Platner, entretanto, tentou enquadrar Mills como um exemplo de democratas nacionais que ungem candidatos do status quo que só lutam por “migalhas” uma vez eleitos. Em Bowdoin, ele disse que eleger candidatos ousados ​​é a única forma de desmantelar um sistema político manipulado para os ricos e alimentado pelo Congresso.

“Eles construíram o sistema que nos trouxe até aqui. Não serão eles que nos tirarão de lá”, disse ele. “Nós somos.”

Graham Platner está em um palco em frente a um microfone enquanto fala em uma prefeitura em Ogunquit, Maine, em 2025. Atrás dele está uma alta cortina de teatro marrom com as palavras "GRAHAM PARA O SENADO DOS EUA" projetado nele em letras com contorno verde.

Brewer disse que mesmo as tentativas de Mills de acompanhar a mudança do eleitorado – incluindo recentemente o apoio a um imposto milionário ao qual ela se opôs no ano passado – não estão de acordo com seu histórico centrista..

“Isso não será visto como confiável, certo? Por muitos eleitores, pelo menos. Eles vão olhar para isso e dizer: ‘Ah, ela está em baixa nas pesquisas e… ela está fazendo isso, mas não acredita realmente'”, disse ele. “Se ela faz isso ou não, não importa. É como as pessoas percebem isso.”

Ao mesmo tempo, as controvérsias bem documentadas de Platner – incluindo postagens ofensivas anteriores nas redes sociais sobre agressão sexual, eleitores brancos rurais e os hábitos de gorjeta dos negros – não assustaram o endosso de pessoas como A senadora Elizabeth Warren, D-Mass. Warren apoiou Platner em março e realizou um comício com a presença de cerca de 1.000 pessoas em Portland, Maine, no sábado.

“Ele é um organizador e é a pessoa que vai derrotar Susan Collins”, disse ela.

Durante o comício, uma mulher de 80 anos disse a Platner que iria doar a ele seu cheque de acessibilidade de US$ 300, uma proposta de Mills para lidar com a inflação que ela recentemente sancionou.

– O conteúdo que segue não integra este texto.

(* If a polynomial dynamical system $\frac{d\mathbf{x}}{dt}=f(\mathbf{x})$ on $\mathbb{R}^d_{\ge 0}$ is weakly reversible, then it is generated by a weakly reversible reaction network whose set of source nodes is the set of exponent vectors of the monomials of $f$.
   Context: A reaction network (E-graph) $\mathcal{G}=(\mathcal{V},\mathcal{E})$ is a finite directed graph whose nodes are distinct elements of a finite set $Y\subset\mathbb{R}^d_{\ge 0}$, with $\mathcal{V}\neq\emptyset$, every node incident to at least one edge, and no edge from a node to itself. For an edge $e$, $\mathbf{s}(e)$ is its source node, $\mathbf{t}(e)$ its target, $\mathbf{v}(e)=\mathbf{t}(e)-\mathbf{s}(e)$. Given positive rate constants $(k_e)$, $\mathcal{G}$ generates the system $\frac{d\mathbf{x}}{dt}=\sum_{e}k_e\mathbf{x}^{\mathbf{s}(e)}\mathbf{v}(e)$ ($\mathbf{x}^{\mathbf{y}}=\prod_i x_i^{y_i}$, $0^0=1$). $\mathcal{G}$ is weakly reversible if every edge lies in a directed cycle. A polynomial dynamical system is weakly reversible if it is generated, for some positive rate constants, by some weakly reversible network. The monomials of $f$ are those $\mathbf{x}^{\mathbf{y}}$ appearing in $f$ with nonzero (vector) coefficient. *)

theory Defs
  imports "HOL-Analysis.Analysis"
begin

definition nonneg :: "real ^ 'd \<Rightarrow> bool" where
  "nonneg y \<longleftrightarrow> (\<forall>i. y $ i \<ge> 0)"

(* x^y = prod_i x_i^{y_i}, with the convention 0^0 = 1 (Isabelle's powr has 0 powr 0 = 0). *)
definition monom :: "real ^ 'd \<Rightarrow> real ^ 'd \<Rightarrow> real" where
  "monom x y = (\<Prod>i\<in>UNIV. if y $ i = 0 then 1 else (x $ i) powr (y $ i))"

(* A reaction network (E-graph), given by its finite set of edges (source, target);
   the node set is the set of nodes incident to some edge. *)
definition egraph :: "((real ^ 'd) \<times> (real ^ 'd)) set \<Rightarrow> bool" where
  "egraph E \<longleftrightarrow> finite E \<and> E \<noteq> {} \<and>
     (\<forall>(y, y') \<in> E. y \<noteq> y' \<and> nonneg y \<and> nonneg y')"

definition weakly_reversible_graph :: "((real ^ 'd) \<times> (real ^ 'd)) set \<Rightarrow> bool" where
  "weakly_reversible_graph E \<longleftrightarrow> (\<forall>(y, y') \<in> E. (y', y) \<in> E\<^sup>*)"

definition source_nodes :: "((real ^ 'd) \<times> (real ^ 'd)) set \<Rightarrow> (real ^ 'd) set" where
  "source_nodes E = fst ` E"

definition mas_system ::
  "((real ^ 'd) \<times> (real ^ 'd)) set \<Rightarrow> ((real ^ 'd) \<times> (real ^ 'd) \<Rightarrow> real)
     \<Rightarrow> real ^ 'd \<Rightarrow> real ^ 'd" where
  "mas_system E k x = (\<Sum>e\<in>E. (k e * monom x (fst e)) *\<^sub>R (snd e - fst e))"

definition generated_by ::
  "(real ^ 'd \<Rightarrow> real ^ 'd) \<Rightarrow> ((real ^ 'd) \<times> (real ^ 'd)) set
     \<Rightarrow> ((real ^ 'd) \<times> (real ^ 'd) \<Rightarrow> real) \<Rightarrow> bool" where
  "generated_by f E k \<longleftrightarrow> egraph E \<and> (\<forall>e\<in>E. k e > 0) \<and>
     (\<forall>x. nonneg x \<longrightarrow> f x = mas_system E k x)"

definition weakly_reversible_system :: "(real ^ 'd \<Rightarrow> real ^ 'd) \<Rightarrow> bool" where
  "weakly_reversible_system f \<longleftrightarrow>
     (\<exists>E k. weakly_reversible_graph E \<and> generated_by f E k)"

definition monomial_exponents :: "(real ^ 'd \<Rightarrow> real ^ 'd) \<Rightarrow> (real ^ 'd) set \<Rightarrow> bool" where
  "monomial_exponents f S \<longleftrightarrow> finite S \<and> (\<forall>y\<in>S. nonneg y) \<and>
     (\<exists>c. (\<forall>y\<in>S. c y \<noteq> 0) \<and> (\<forall>x. nonneg x \<longrightarrow> f x = (\<Sum>y\<in>S. monom x y *\<^sub>R c y)))"

end

theory Submission
  imports Defs
begin

text \<open>
  Encode a network by a nonnegative rate function \<open>K\<close> on pairs of nodes from a finite set \<open>V\<close>.
  The system it generates is \<open>\<Sum>a\<in>V. x\<^sup>a w(a)\<close> with the net vector
  \<open>w(a) = \<Sum>b. K(a,b) (b - a)\<close>, and since monomials are linearly independent on the positive
  orthant, the monomials of \<open>f\<close> are exactly the \<open>x\<^sup>a\<close> with \<open>w(a) \<noteq> 0\<close>. A source \<open>y\<close> with
  \<open>w(y) = 0\<close> is removed by replacing every path \<open>a \<rightarrow> y \<rightarrow> b\<close> by an edge \<open>a \<rightarrow> b\<close> of rate
  \<open>K(a,y) K(y,b) / \<Sum>c. K(y,c)\<close>: the flow into \<open>y\<close> is passed on in the proportions in which
  \<open>y\<close> emits, which changes no net vector because \<open>w(y) = 0\<close>, and every cycle through \<open>y\<close>
  survives as a shortcut, so weak reversibility is kept. Removing such sources one by one
  leaves a weakly reversible network whose sources are exactly the exponents of \<open>f\<close>.
\<close>

section \<open>Linear independence of monomials\<close>

lemma power_functions_linear_independent:
  fixes C :: "real \<Rightarrow> 'b::real_normed_vector"
  assumes "finite R" and vanish: "\<And>s. s > 0 \<Longrightarrow> (\<Sum>r\<in>R. s powr r *\<^sub>R C r) = 0"
    and "r0 \<in> R"
  shows "C r0 = 0"
proof (rule ccontr)
  assume "C r0 \<noteq> 0"
  define R' where "R' = {r\<in>R. C r \<noteq> 0}"
  define m where "m = Max R'"
  have "finite R'" "R' \<noteq> {}"
    using assms \<open>C r0 \<noteq> 0\<close> by (auto simp: R'_def)
  then have "m \<in> R'" and below_m: "\<And>r. r \<in> R' \<Longrightarrow> r \<le> m"
    by (simp_all add: m_def)
  have "eventually (\<lambda>s. (\<Sum>r\<in>R'. s powr (r - m) *\<^sub>R C r) = 0) at_top"
    using eventually_gt_at_top[of 0]
  proof eventually_elim
    case (elim s)
    have "(\<Sum>r\<in>R'. s powr r *\<^sub>R C r) = (\<Sum>r\<in>R. s powr r *\<^sub>R C r)"
      using assms by (intro sum.mono_neutral_left) (auto simp: R'_def)
    then have "(\<Sum>r\<in>R'. s powr r *\<^sub>R C r) = 0"
      using vanish[OF elim] by simp
    moreover have "(\<Sum>r\<in>R'. s powr (r - m) *\<^sub>R C r) = (\<Sum>r\<in>R'. s powr r *\<^sub>R C r) /\<^sub>R s powr m"
      by (simp add: powr_diff scaleR_sum_right divide_inverse mult.commute)
    ultimately show ?case
      by simp
  qed
  then have to_0: "((\<lambda>s. \<Sum>r\<in>R'. s powr (r - m) *\<^sub>R C r) \<longlongrightarrow> 0) at_top"
    by (rule tendsto_eventually)
  have "((\<lambda>s. s powr (r - m) *\<^sub>R C r) \<longlongrightarrow> (if r = m then C r else 0)) at_top"
    if "r \<in> R'" for r
  proof (cases "r = m")
    case True
    have "eventually (\<lambda>s. C r = s powr (r - m) *\<^sub>R C r) at_top"
      using eventually_gt_at_top[of 0] by eventually_elim (simp add: True)
    with True show ?thesis
      by (intro Lim_transform_eventually[OF tendsto_const]) simp
  next
    case False
    with below_m[OF that] have "r - m < 0" by simp
    then have "((\<lambda>s. s powr (r - m)) \<longlongrightarrow> 0) at_top"
      using tendsto_neg_powr[OF _ filterlim_ident] by blast
    then show ?thesis
      using False tendsto_scaleR[OF _ tendsto_const] by fastforce
  qed
  then have "((\<lambda>s. \<Sum>r\<in>R'. s powr (r - m) *\<^sub>R C r) \<longlongrightarrow> (\<Sum>r\<in>R'. if r = m then C r else 0)) at_top"
    by (rule tendsto_sum)
  then have "((\<lambda>s. \<Sum>r\<in>R'. s powr (r - m) *\<^sub>R C r) \<longlongrightarrow> C m) at_top"
    using \<open>finite R'\<close> \<open>m \<in> R'\<close> by simp
  with to_0 have "C m = 0"
    using tendsto_unique[OF trivial_limit_at_top_linorder] by blast
  with \<open>m \<in> R'\<close> show False
    by (simp add: R'_def)
qed

lemma monom_eq_prod_powr:
  assumes "\<And>i. x $ i > 0"
  shows "monom x a = (\<Prod>i\<in>UNIV. x $ i powr a $ i)"
  unfolding monom_def using assms by (intro prod.cong) (auto simp: less_imp_neq[symmetric])

lemma monom_scale_coordinate:
  assumes "\<And>j. x $ j > 0" and "s > 0"
  shows "monom (\<chi> j. if j = i then s * x $ j else x $ j) a = s powr (a $ i) * monom x a"
proof -
  have "monom (\<chi> j. if j = i then s * x $ j else x $ j) a
      = (\<Prod>j\<in>UNIV. (if j = i then s powr (a $ i) else 1) * x $ j powr a $ j)"
    using assms by (subst monom_eq_prod_powr) (auto intro!: prod.cong simp: powr_mult less_imp_le)
  also have "\<dots> = s powr (a $ i) * monom x a"
    using assms by (simp add: prod.distrib monom_eq_prod_powr)
  finally show ?thesis .
qed

lemma monomial_sum_fibre_eq_0:
  fixes g :: "real ^ 'd \<Rightarrow> 'b::real_normed_vector"
  assumes "finite A" and vanish: "\<And>x. (\<forall>j. x $ j > 0) \<Longrightarrow> (\<Sum>a\<in>A. monom x a *\<^sub>R g a) = 0"
    and "a0 \<in> A" and "\<forall>j. x $ j > 0"
  shows "(\<Sum>a\<in>{a\<in>A. a $ i = a0 $ i}. monom x a *\<^sub>R g a) = 0"
proof -
  define fibre where "fibre r = {a\<in>A. a $ i = r}" for r
  \<comment> \<open>Scaling coordinate \<open>i\<close> by \<open>s\<close> turns the sum into power functions of \<open>s\<close>, one per value
    of the \<open>i\<close>-th exponent, with the sums over the fibres as coefficients.\<close>
  have "(\<Sum>a\<in>fibre (a0 $ i). monom x a *\<^sub>R g a) = 0"
  proof (rule power_functions_linear_independent)
    show "finite ((\<lambda>a. a $ i) ` A)" "a0 $ i \<in> (\<lambda>a. a $ i) ` A"
      using assms(1,3) by auto
    fix s :: real
    assume "s > 0"
    have "0 = (\<Sum>a\<in>A. monom (\<chi> j. if j = i then s * x $ j else x $ j) a *\<^sub>R g a)"
      using vanish assms(4) \<open>s > 0\<close> by simp
    also have "\<dots> = (\<Sum>a\<in>A. s powr (a $ i) *\<^sub>R monom x a *\<^sub>R g a)"
      using assms(4) \<open>s > 0\<close> by (simp add: monom_scale_coordinate)
    also have "\<dots> = (\<Sum>r\<in>(\<lambda>a. a $ i) ` A. \<Sum>a\<in>fibre r. s powr (a $ i) *\<^sub>R monom x a *\<^sub>R g a)"
      unfolding fibre_def by (rule sum.image_gen[OF assms(1)])
    also have "\<dots> = (\<Sum>r\<in>(\<lambda>a. a $ i) ` A. s powr r *\<^sub>R (\<Sum>a\<in>fibre r. monom x a *\<^sub>R g a))"
      unfolding scaleR_sum_right by (intro sum.cong refl) (auto simp: fibre_def)
    finally show "(\<Sum>r\<in>(\<lambda>a. a $ i) ` A. s powr r *\<^sub>R (\<Sum>a\<in>fibre r. monom x a *\<^sub>R g a)) = 0"
      by simp
  qed
  then show ?thesis
    by (simp add: fibre_def)
qed

lemma monomials_linear_independent:
  fixes g :: "real ^ 'd \<Rightarrow> 'b::real_normed_vector"
  assumes "finite A" and "\<And>x. (\<forall>i. x $ i > 0) \<Longrightarrow> (\<Sum>a\<in>A. monom x a *\<^sub>R g a) = 0"
    and "a0 \<in> A"
  shows "g a0 = 0"
  using assms
proof (induction "card A" arbitrary: A rule: less_induct)
  case less
  show ?case
  proof (cases "A = {a0}")
    case True
    then show ?thesis
      using less.prems(2)[of "\<chi> j. 1"] by (simp add: monom_eq_prod_powr)
  next
    case False
    then obtain b where "b \<in> A" "b \<noteq> a0"
      using less.prems(3) by blast
    then obtain i where "b $ i \<noteq> a0 $ i"
      by (auto simp: vec_eq_iff)
    let ?fibre = "{a\<in>A. a $ i = a0 $ i}"
    have "?fibre \<subset> A"
      using \<open>b \<in> A\<close> \<open>b $ i \<noteq> a0 $ i\<close> by auto
    then have "card ?fibre < card A"
      using less.prems(1) by (simp add: psubset_card_mono)
    moreover have "finite ?fibre" "a0 \<in> ?fibre"
      using less.prems by auto
    ultimately show ?thesis
      using less.hyps monomial_sum_fibre_eq_0[OF less.prems] by blast
  qed
qed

Platner disse à mulher que era um bom uso do dinheiro.

Enquanto isso, Collins teve que gastar pouco do dinheiro de sua campanha enquanto os democratas brigavam.

Embora Platner tenha superado Collins e Mills durante o primeiro trimestre deste ano, o republicano tem mais de três vezes mais dinheiro em mãos. A primária também está forçando Platner a recorrer fortemente ao seu fundo de guerra de campanha.

Platner recebeu US$ 4 milhões em contribuições até agora este ano, mas também gastou US$ 5 milhões no mesmo período, deixando-o com US$ 2,7 milhões em dinheiro disponível. Collins, que não tem um oponente principal, gastou cerca de um quinto desse valor e tem US$ 10 milhões em dinheiro em mãos.